For his second straight trio album (and 13th overall since 1993), super-talented/adventurously creative tenor and soprano saxophonist Joshua Redman, 40, has taken what he started on 2007’s Back East (acoustic sax/bass/drums) a step further on Compass. The previous album used Sonny Rollins’ seminal 1957 Way Out West as a template. This one goes way out on a limb in eclectic fashion (even interpreting Beethoven’s “Moonlight Sonata”). Redman utilizes two bassists (Reuben Rogers/Larry Grenadier) and two drummers (Gregory Hutchinson/Brian Blade) in a rotating trio system which gives all five musicians the chance to stretch.

Redman’s compositions and arrangements meander wildly from track to track. He wrote 12 of the 13. Then he got a brainstorm. What if, besides the trio format, certain tracks contained all five?
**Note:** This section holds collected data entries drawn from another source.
(* Let $Q$ be a quantale, $M$ a shrinkable $Q$-module, $\mathcal{F}_1,\dots,\mathcal{F}_n\in\operatorname{mF}(Q)$ and $\mathcal{F}=\mathcal{F}_1\cap\cdots\cap\mathcal{F}_n$. Let $\varphi:M_\mathcal{F}\to\prod_{k=1}^nM_{\mathcal{F}_k}$ be the $Q$-premodule map $\overline x\mapsto(\overline x,\dots,\overline x)$. Then (a) $\varphi$ is injective; (b) if $\mathcal{F}_i+\mathcal{F}_j$ is 1-step over $M$ for all $1\le i<j\le n$, then for $x_1,\dots,x_n\in M$ we have $(\overline{x_1},\dots,\overline{x_n})\in\operatorname{im}\varphi$ if and only if for all $1\le i<j\le n$ the image of $\overline{x_i}$ under $M_{\mathcal{F}_i}\to M_{\mathcal{F}_i+\mathcal{F}_j}$ equals the image of $\overline{x_j}$ under $M_{\mathcal{F}_j}\to M_{\mathcal{F}_i+\mathcal{F}_j}$.
   Context: A quantale is a poset $Q$ in which every nonempty subset has a join $\sum$ (binary join $a+b$; no bottom required), with top $1$ and a commutative associative multiplication with unit $1$ distributing over nonempty joins. A $Q$-module is a poset $M$ with all nonempty joins and an associative unital action $Q\times M\to M$ distributing over nonempty joins in each variable; a $Q$-premodule requires only binary joins and finite distributivity. A multiplicative filter (m-filter) is a subset $\mathcal{F}\subseteq Q$ containing $1$, upward closed and closed under multiplication; $\operatorname{mF}(Q)$ is the set of them; $\mathcal{F}+\mathcal{G}$ is the smallest m-filter containing $\mathcal{F}\cup\mathcal{G}$. For $x,x_i$ write $x\le^*\sum_{i\in I}x_i$ if $x\le\sum_{i\in I_0}x_i$ for a finite nonempty $I_0\subseteq I$. $M$ is shrinkable if whenever $x\le\sum_ix_i$ there is a family $(y_j)$ with $x=\sum_jy_j$ and $y_j\le^*\sum_ix_i$ for all $j$. Localization: $a\preceq^1_\mathcal{F}b$ means there are families $(a_i)$ in $M$, $(s_i)$ in $\mathcal{F}$ with $a\le\sum_ia_i$ and $s_ia_i\le b$; $a\preceq^n_\mathcal{F}b$ means a chain of $n$ such steps through elements of $M$; $a\preceq_\mathcal{F}b$ means $a\preceq^n_\mathcal{F}b$ for some $n\ge1$. $M_\mathcal{F}=M/\!\sim$ where $a\sim b$ iff $a\preceq_\mathcal{F}b$ and $b\preceq_\mathcal{F}a$, with classes $\overline a$ ordered by $\overline a\le\overline b\iff a\preceq_\mathcal{F}b$; it is a $Q$-premodule via $\overline a+\overline b=\overline{a+b}$, $q\overline a=\overline{qa}$. For $\mathcal{F}\subseteq\mathcal{G}$ the map $M_\mathcal{F}\to M_\mathcal{G}$, $\overline a\mapsto\overline a$, is a well-defined premodule map. $\mathcal{F}$ is localizable over $M$ if for each $b$ there is $n_b$ with $a\preceq_\mathcal{F}b\Rightarrow a\preceq^{n_b}_\mathcal{F}b$; $\mathcal{F}$ is 1-step over $M$ if it is localizable and $a\preceq_\mathcal{F}b$ implies $a\preceq^1_\mathcal{F}b$. *)

theory Defs
  imports "HOL-Library.FuncSet"
begin

definition is_join :: "'a::order set \<Rightarrow> 'a \<Rightarrow> bool" where
  "is_join S x \<longleftrightarrow> (\<forall>y\<in>S. y \<le> x) \<and> (\<forall>z. (\<forall>y\<in>S. y \<le> z) \<longrightarrow> x \<le> z)"

definition join :: "'a::order set \<Rightarrow> 'a" where
  "join S = (THE x. is_join S x)"

definition has_ne_joins :: "'a::order itself \<Rightarrow> bool" where
  "has_ne_joins _ \<longleftrightarrow> (\<forall>S::'a set. S \<noteq> {} \<longrightarrow> (\<exists>x. is_join S x))"

definition quantale :: "'q::{order,comm_monoid_mult} itself \<Rightarrow> bool" where
  "quantale T \<longleftrightarrow> has_ne_joins T \<and> (\<forall>x::'q. x \<le> 1) \<and>
     (\<forall>(q::'q) S. S \<noteq> {} \<longrightarrow> q * join S = join ((\<lambda>s. q * s) ` S))"

definition qmodule :: "('q::{order,comm_monoid_mult} \<Rightarrow> 'm::order \<Rightarrow> 'm) \<Rightarrow> bool" where
  "qmodule act \<longleftrightarrow> has_ne_joins TYPE('m) \<and>
     (\<forall>m. act 1 m = m) \<and>
     (\<forall>p q m. act (p * q) m = act p (act q m)) \<and>
     (\<forall>q S. S \<noteq> {} \<longrightarrow> act q (join S) = join (act q ` S)) \<and>
     (\<forall>m T. T \<noteq> {} \<longrightarrow> act (join T) m = join ((\<lambda>q. act q m) ` T))"

text \<open>Families are represented by (nonempty) sets of their members; duplicates are
irrelevant for joins.\<close>
definition shrinkable :: "'m::order itself \<Rightarrow> bool" where
  "shrinkable _ \<longleftrightarrow> (\<forall>(x::'m) X. X \<noteq> {} \<and> x \<le> join X \<longrightarrow>
     (\<exists>Y. Y \<noteq> {} \<and> x = join Y \<and>
        (\<forall>y\<in>Y. \<exists>X0. finite X0 \<and> X0 \<noteq> {} \<and> X0 \<subseteq> X \<and> y \<le> join X0)))"

definition mfilter :: "'q::{order,comm_monoid_mult} set \<Rightarrow> bool" where
  "mfilter F \<longleftrightarrow> 1 \<in> F \<and> (\<forall>a b. a \<in> F \<and> a \<le> b \<longrightarrow> b \<in> F) \<and>
     (\<forall>a\<in>F. \<forall>b\<in>F. a * b \<in> F)"

definition mfsum :: "'q::{order,comm_monoid_mult} set \<Rightarrow> 'q set \<Rightarrow> 'q set" where
  "mfsum F G = \<Inter>{H. mfilter H \<and> F \<union> G \<subseteq> H}"

text \<open>One step: families (a_i, s_i), given as a nonempty set of pairs.\<close>
definition step1 :: "('q::{order,comm_monoid_mult} \<Rightarrow> 'm::order \<Rightarrow> 'm) \<Rightarrow> 'q set \<Rightarrow> 'm \<Rightarrow> 'm \<Rightarrow> bool" where
  "step1 act F a b \<longleftrightarrow> (\<exists>P::('m \<times> 'q) set. P \<noteq> {} \<and>
     (\<forall>(c, s)\<in>P. s \<in> F \<and> act s c \<le> b) \<and> a \<le> join (fst ` P))"

definition stepn :: "('q::{order,comm_monoid_mult} \<Rightarrow> 'm::order \<Rightarrow> 'm) \<Rightarrow> 'q set \<Rightarrow> nat \<Rightarrow> 'm \<Rightarrow> 'm \<Rightarrow> bool" where
  "stepn act F n = (step1 act F ^^ n)"

definition loc_le :: "('q::{order,comm_monoid_mult} \<Rightarrow> 'm::order \<Rightarrow> 'm) \<Rightarrow> 'q set \<Rightarrow> 'm \<Rightarrow> 'm \<Rightarrow> bool" where
  "loc_le act F a b \<longleftrightarrow> (\<exists>n\<ge>1. stepn act F n a b)"

definition loc_eq :: "('q::{order,comm_monoid_mult} \<Rightarrow> 'm::order \<Rightarrow> 'm) \<Rightarrow> 'q set \<Rightarrow> 'm \<Rightarrow> 'm \<Rightarrow> bool" where
  "loc_eq act F a b \<longleftrightarrow> loc_le act F a b \<and> loc_le act F b a"

definition cls :: "('q::{order,comm_monoid_mult} \<Rightarrow> 'm::order \<Rightarrow> 'm) \<Rightarrow> 'q set \<Rightarrow> 'm \<Rightarrow> 'm set" where
  "cls act F a = {b. loc_eq act F a b}"

definition locmod :: "('q::{order,comm_monoid_mult} \<Rightarrow> 'm::order \<Rightarrow> 'm) \<Rightarrow> 'q set \<Rightarrow> 'm set set" where
  "locmod act F = range (cls act F)"

definition locmap :: "('q::{order,comm_monoid_mult} \<Rightarrow> 'm::order \<Rightarrow> 'm) \<Rightarrow> 'q set \<Rightarrow> 'q set \<Rightarrow> 'm set \<Rightarrow> 'm set" where
  "locmap act F G C = cls act G (SOME a. a \<in> C)"

definition localizable :: "('q::{order,comm_monoid_mult} \<Rightarrow> 'm::order \<Rightarrow> 'm) \<Rightarrow> 'q set \<Rightarrow> bool" where
  "localizable act F \<longleftrightarrow> (\<forall>b. \<exists>nb\<ge>1. \<forall>a. loc_le act F a b \<longrightarrow> stepn act F nb a b)"

definition one_step :: "('q::{order,comm_monoid_mult} \<Rightarrow> 'm::order \<Rightarrow> 'm) \<Rightarrow> 'q set \<Rightarrow> bool" where
  "one_step act F \<longleftrightarrow> localizable act F \<and> (\<forall>a b. loc_le act F a b \<longrightarrow> step1 act F a b)"

text \<open>The diagonal map M_F \<rightarrow> \<Prod>_{k=1..n} M_{F_k}; tuples are functions on {1..n}.\<close>
definition diag :: "('q::{order,comm_monoid_mult} \<Rightarrow> 'm::order \<Rightarrow> 'm) \<Rightarrow> 'q set \<Rightarrow> nat \<Rightarrow> (nat \<Rightarrow> 'q set) \<Rightarrow> 'm set \<Rightarrow> (nat \<Rightarrow> 'm set)" where
  "diag act F n Fs C = restrict (\<lambda>k. locmap act F (Fs k) C) {1..n}"

end

theory Submission
  imports Defs
begin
Redman and co-producer James Farber positioned the musicians in the studio as they would appear in the mix: One drummer on the far left, another far right, the two bassists close in the middle. On “Identity Thief,” the “double trio” concept is awakened by Redman’s tenor like an early morn alarm clock for the twin rhythm sections. It soon escalates into a pulsing organic jam. You can sit there and actually watch the music unfold as Grenadier’s bass follows Redman’s line close on the left, Hutchinson hitting his skins on the right. It’s all rather dizzying and hypnotic.

There’s some tried-and-true swing, some stone cold bop, but the best tracks have a nervous restless energy that almost makes you jittery. Then there’s the tracks that are positively spooky: Soundtrack-type eerie haunts that make you look over your shoulder, almost unsettling in their flagrant mystery. Oftentimes the musicians seem to be tentative, feeling their way across a barren landscape without sight, then joyously rubbing up against each other.